Sunday, July 6, 2014

Andrew Clemens

Andrew Clemens was born 1857 to German and Prussian parents who met on their way to the United States, settling eventually in McGregor, Iowa at the time of the gold rush. At five years of age Andrew contracted encephalitis nearly killing him and leaving him deaf.

As a teenager Andrew became enamored with the colored sands found at Iowa's Picture Rocks park where water derived from the Mississippi river charged with various minerals pass through limestones staining them a range of colors. 












Andrew brought home the sand and sorted the grains by size and color then began arranging them grain-by-grain inside glass bottles. Beginning with geometric shapes Andrew developed his craft, designed special tools for his art, and began creating extraordinarily detailed images with a great deal of subtlety in shading. The grains are not glued, rather, they are held in place inside the jars by pressure of tightly packed sand.


Andrew created images of George Washington on his horse, nautical scenes, flowers, local events, historical figures, flags, and geometric patterns, even words. At one point in his life Andrew worked for South Side Museum in Chicago creating designs with sand then smashing them to demonstrate there is no magic involved. But he received little recognition in his time. His genius largely unappreciated. It was not realized until later that Andrew actually invented a new art form and perfected it all by himself, and neither did Andrew himself seem to know his own art's worth.

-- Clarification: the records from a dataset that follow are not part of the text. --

(* Let $p$ be a prime, $q=p^r$, and let $\mathscr{C}\subseteq\mathbb{F}_q^n$ be a linear code over $\mathbb{F}_q$ of dimension $k$ with $1\le k<n$, and $\mathscr{D}\subseteq\mathbb{F}_{q^k}^m$ a linear code over $\mathbb{F}_{q^k}$ of dimension $s$ with $1\le s<m$, such that for every $1\le i\le m$ some codeword of $\mathscr{D}$ has $i$-th coordinate equal to $1$. Let $\kappa:\mathbb{F}_{q^k}\to\mathcal{L}(\mathscr{C},\mathbb{F}_p)$ be an $\mathbb{F}_p$-linear isomorphism, put $f_\lambda=\kappa(\lambda)$, and let $Q=\operatorname{span}\{\Phi_\Lambda:\Lambda\in\mathscr{D}\}\subseteq(\mathbb{C}^q)^{\otimes nm}$ with $\Phi_\Lambda$, $F_\Lambda$, $\mathscr{D}^\Theta$ and $\ell$ as defined in the context. Then $Q$ is a quantum stabilizer code of length $nm$ and dimension $q^{ks}$ (an $\llbracket nm,ks,\delta\rrbracket_q$ code) whose minimum distance is $$\delta=\min\{d(\mathscr{C}),\ell\},$$ where $d(\mathscr{C})$ is the minimum Hamming distance of $\mathscr{C}$. Moreover, the stabilizer group $\mathcal{S}$ of $Q$ is $$\mathcal{S}=\Big\{X(\mathbf{c}_1,\ldots,\mathbf{c}_m)Z(\mathbf{d}_1,\ldots,\mathbf{d}_m): (\mathbf{c}_1,\ldots,\mathbf{c}_m)\in\textstyle\bigcap_{\Lambda\in\mathscr{D}}\ker(F_\Lambda),\ \mathbf{d}_1,\ldots,\mathbf{d}_m\in\mathscr{C}^\perp\Big\},$$ and its centralizer in $\mathcal{P}_{nm}$ is $$C_{\mathcal{P}_{nm}}(\mathcal{S})=\{\omega^cX(\mathbf{u}_1,\ldots,\mathbf{u}_m)Z(\mathbf{v}_1,\ldots,\mathbf{v}_m): \omega^c \text{ an admissible phase},\ \mathbf{u}_1,\ldots,\mathbf{u}_m\in\mathscr{C},\ (\mathbf{v}_1,\ldots,\mathbf{v}_m)\in\mathscr{D}^\Theta\}.$$
   Context: Notation: $\operatorname{tr}:\mathbb{F}_q\to\mathbb{F}_p$ is the trace; for vectors $\mathbf{u},\mathbf{v}$ over $\mathbb{F}_q$ of equal length, $\mathbf{u}.\mathbf{v}=\sum_i u_iv_i$; $\mathscr{C}^\perp$ is the Euclidean dual of $\mathscr{C}$ in $\mathbb{F}_q^n$; $\zeta=e^{2\pi i/p}$. Qudits: $\mathbb{C}^q$ has orthonormal basis $\{|x\rangle:x\in\mathbb{F}_q\}$ and $(\mathbb{C}^q)^{\otimes N}$ has basis $|\mathbf{x}\rangle$, $\mathbf{x}\in\mathbb{F}_q^N$. Operators: $X(a)|x\rangle=|x+a\rangle$, $Z(b)|x\rangle=\zeta^{\operatorname{tr}(bx)}|x\rangle$, and for $\mathbf{a},\mathbf{b}\in\mathbb{F}_q^N$, $X(\mathbf{a})=X(a_1)\otimes\cdots\otimes X(a_N)$, $Z(\mathbf{b})=Z(b_1)\otimes\cdots\otimes Z(b_N)$. The error group $\mathcal{P}_N$ consists of $\omega^cX(\mathbf{a})Z(\mathbf{b})$ with $\mathbf{a},\mathbf{b}\in\mathbb{F}_q^N$, where the admissible phases are $\omega^c$ with $\omega=\zeta$, $c\in\mathbb{F}_p$ if $p$ is odd, and $\omega=i$, $c\in\{0,1,2,3\}$ if $p=2$. Its center $\mathcal{Z}(\mathcal{P}_N)$ is the set of scalar elements. The weight of $\omega^cX(\mathbf{a})Z(\mathbf{b})$ is the number of $j$ with $(a_j,b_j)\ne(0,0)$. For a subspace $Q$, its stabilizer group is $\operatorname{Stab}(Q)=\{E\in\mathcal{P}_N: Ev=v\ \forall v\in Q\}$; $Q$ is a stabilizer code if $Q=\{v:Ev=v\ \forall E\in\operatorname{Stab}(Q)\}$. For a stabilizer code with stabilizer $\mathcal{S}$, its minimum distance is $\min\{\operatorname{wt}(E):E\in C_{\mathcal{P}_N}(\mathcal{S})\setminus\mathcal{S}\mathcal{Z}(\mathcal{P}_N)\}$ (and $\min\{\operatorname{wt}(E):E\in\mathcal{S}\setminus\{I\}\}$ if $\mathcal{S}\mathcal{Z}(\mathcal{P}_N)= C_{\mathcal{P}_N}(\mathcal{S})$). An $\llbracket N,K,\delta\rrbracket_q$ code has length $N$, dimension $q^K$ and minimum distance $\delta$. Construction: $\mathcal{L}(\mathscr{C},\mathbb{F}_p)$ is the $\mathbb{F}_p$-space of $\mathbb{F}_p$-linear maps $\mathscr{C}\to\mathbb{F}_p$ (of size $q^k$), and $\mathbb{F}_{q^k}$ is viewed as an $\mathbb{F}_p$-space. For $\lambda\in\mathbb{F}_{q^k}$, $\phi_\lambda=q^{-k/2}\sum_{\mathbf{c}\in\mathscr{C}}\zeta^{f_\lambda(\mathbf{c})}|\mathbf{c}\rangle\in(\mathbb{C}^q)^{\otimes n}$, and for $\Lambda=(\lambda_1,\ldots,\lambda_m)\in\mathscr{D}$, $\Phi_\Lambda=\phi_{\lambda_1}\otimes\cdots\otimes\phi_{\lambda_m}$ and $F_\Lambda:\mathscr{C}^m\to\mathbb{F}_p$, $F_\Lambda(\mathbf{c}_1,\ldots,\mathbf{c}_m)=\sum_i f_{\lambda_i}(\mathbf{c}_i)$. For $\lambda\in\mathbb{F}_{q^k}$ let $\Theta(\lambda)=\{\mathbf{x}\in\mathbb{F}_q^n: f_\lambda(\mathbf{c})=\operatorname{tr}(\mathbf{c}.\mathbf{x})\ \forall\mathbf{c}\in\mathscr{C}\}$ (a coset of $\mathscr{C}^\perp$), and $\mathscr{D}^\Theta=\bigcup_{(\lambda_1,\ldots,\lambda_m)\in\mathscr{D}}\Theta(\lambda_1)\times\cdots\times\Theta(\lambda_m)\subseteq\mathbb{F}_q^{nm}$. Finally $\ell=\min\{\operatorname{wt}(\mathbf{X}):\mathbf{X}\in\mathscr{D}^\Theta\setminus(\mathscr{C}^\perp)^m\}$, where $\operatorname{wt}$ is the Hamming weight in $\mathbb{F}_q^{nm}$. *)

theory Defs
  imports "HOL-Analysis.Analysis" "HOL-Library.Function_Algebras"
begin

text \<open>Vectors of length N over a field are functions nat => field vanishing from N on.\<close>
definition vecs :: "nat \<Rightarrow> (nat \<Rightarrow> 'a::zero) set" where
  "vecs N = {x. \<forall>i. N \<le> i \<longrightarrow> x i = 0}"

definition vscale :: "'a::times \<Rightarrow> (nat \<Rightarrow> 'a) \<Rightarrow> (nat \<Rightarrow> 'a)" where
  "vscale c x = (\<lambda>i. c * x i)"

definition dotp :: "nat \<Rightarrow> (nat \<Rightarrow> 'a::comm_ring_1) \<Rightarrow> (nat \<Rightarrow> 'a) \<Rightarrow> 'a" where
  "dotp N u v = (\<Sum>i<N. u i * v i)"

definition hw :: "nat \<Rightarrow> (nat \<Rightarrow> 'a::zero) \<Rightarrow> nat" where
  "hw N x = card {i. i < N \<and> x i \<noteq> 0}"

definition lin_code :: "nat \<Rightarrow> (nat \<Rightarrow> 'a::field) set \<Rightarrow> bool" where
  "lin_code n C \<longleftrightarrow> C \<subseteq> vecs n \<and> module.subspace vscale C"

definition code_dim :: "(nat \<Rightarrow> 'a::field) set \<Rightarrow> nat" where
  "code_dim C = vector_space.dim vscale C"

definition min_dist :: "nat \<Rightarrow> (nat \<Rightarrow> 'a::ab_group_add) set \<Rightarrow> nat" where
  "min_dist n C = Min {hw n (x - y) | x y. x \<in> C \<and> y \<in> C \<and> x \<noteq> y}"

definition dual :: "nat \<Rightarrow> (nat \<Rightarrow> 'a::comm_ring_1) set \<Rightarrow> (nat \<Rightarrow> 'a) set" where
  "dual n C = {x \<in> vecs n. \<forall>c\<in>C. dotp n c x = 0}"

text \<open>i-th block of length n of a vector of length n*m, and A^m inside F^(nm).\<close>
definition block :: "nat \<Rightarrow> nat \<Rightarrow> (nat \<Rightarrow> 'a::zero) \<Rightarrow> (nat \<Rightarrow> 'a)" where
  "block n i X = (\<lambda>t. if t < n then X (i * n + t) else 0)"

He sold his bottles for 50₵ to a few dollars. Now they are worth thousands. Many have been broken. Of the bottles that survived, not one grain has moved out of place. 






Andrew died of tuberculosis at age thirty-seven.

Odditycentral.com 

http://www.odditycentral.com/art/19th-century-artists-amazingly-detailed-sand-art-will-blow-your-mind.html

Google Images [Andrew Clemens sand art]

https://www.google.com/search?q=andrew+clemens+sand+art&safe=off&client=safari&rls=en&source=lnms&tbm=isch&sa=X&ei=fwO5U92uHsunyATovILgBA&ved=0CAgQ_AUoAQ&biw=1223&bih=589

16 comments:

edutcher said...

Astounding.

Eric the Fruit Bat said...

(1) I ate dinner last night at some place where George Washington supposedly ate, or slept, or beat his horse, or something or other. The staff encourages the patrons to have a look around and take it all in.

Arranged about, here and there, were various bric-a-brac, ornaments, knickknacks, trinkets, bibelots, gewgaws, gimcracks, tchotchkes and objets d'art.

None of it was nearly so nifty as what's on display here. So thank you for this post.

(2) In all fairness, I should add that the restaurant had some very beautiful art worthy of admiration, appreciation and perhaps even veneration. They were in charge of the hostess station, one of them having the nicest teeth I've ever seen.

She was of college age with perfect posture, slender and athletic, wearing a white knit summer dress, she had to be a dancer, if not a goddess.

I was smitten, my boyish heart captured immediately and completely, and it never occurred to me that she might soon enough die of tuberculosis same as Mr. Clemens.

KCFleming said...

Beautiful and fascinating, making something durable out of sand, which has always served as metaphor for the transitory.

XRay said...

Exactly, 8:03. As I was going to say Tibetan sand mandalas in a jar. Such focus.

Eric the Fruit Bat said...

Speaking of metaphors, my little brother had one of these.

He was pretty young at the time and everything he made pretty much looked like a pile of sand, if you take my meaning.

chickelit said...

Fascinating link and story, Chip.

Unknown said...

what amazing talent.

chickelit said...
This comment has been removed by the author.
chickelit said...

These creations are highly unstable thermodynamically, and their assembly has a large negative ΔS (entropy) of formation. In other words, there is virtually nothing holding them together chemically; their arrangement is purely an act of overcoming disorder. In my view, they are extreme in that way, perhaps as much as an ice sculpture out doors on a blazing hot day.

The Dude said...

And yet, the mood abides.

deborah said...

Oh, I'm so jaded.

But how does the sand against the glass remain in place? Is the design all the way through, in layers?

rcocean said...

Dead at 37, yet Norman Lear still lives. Truly there is no God.

I'm Full of Soup said...

1- That is amazing work. It is astounding to me.

2- And it brings to mind the Dennis Miller bit about Joe Biden seeing a ship in a bottle and asking "how they got it into the bottle?!"

Trooper York said...

Another great and unique post Chip.

How did he do that portrait of General Washington.

Aridog said...

You must know it is a great post when I mostly keep my yap shut :-)

Methadras said...

My God. I had no idea a human being with talent like this existed. Wow!!! is all I can say.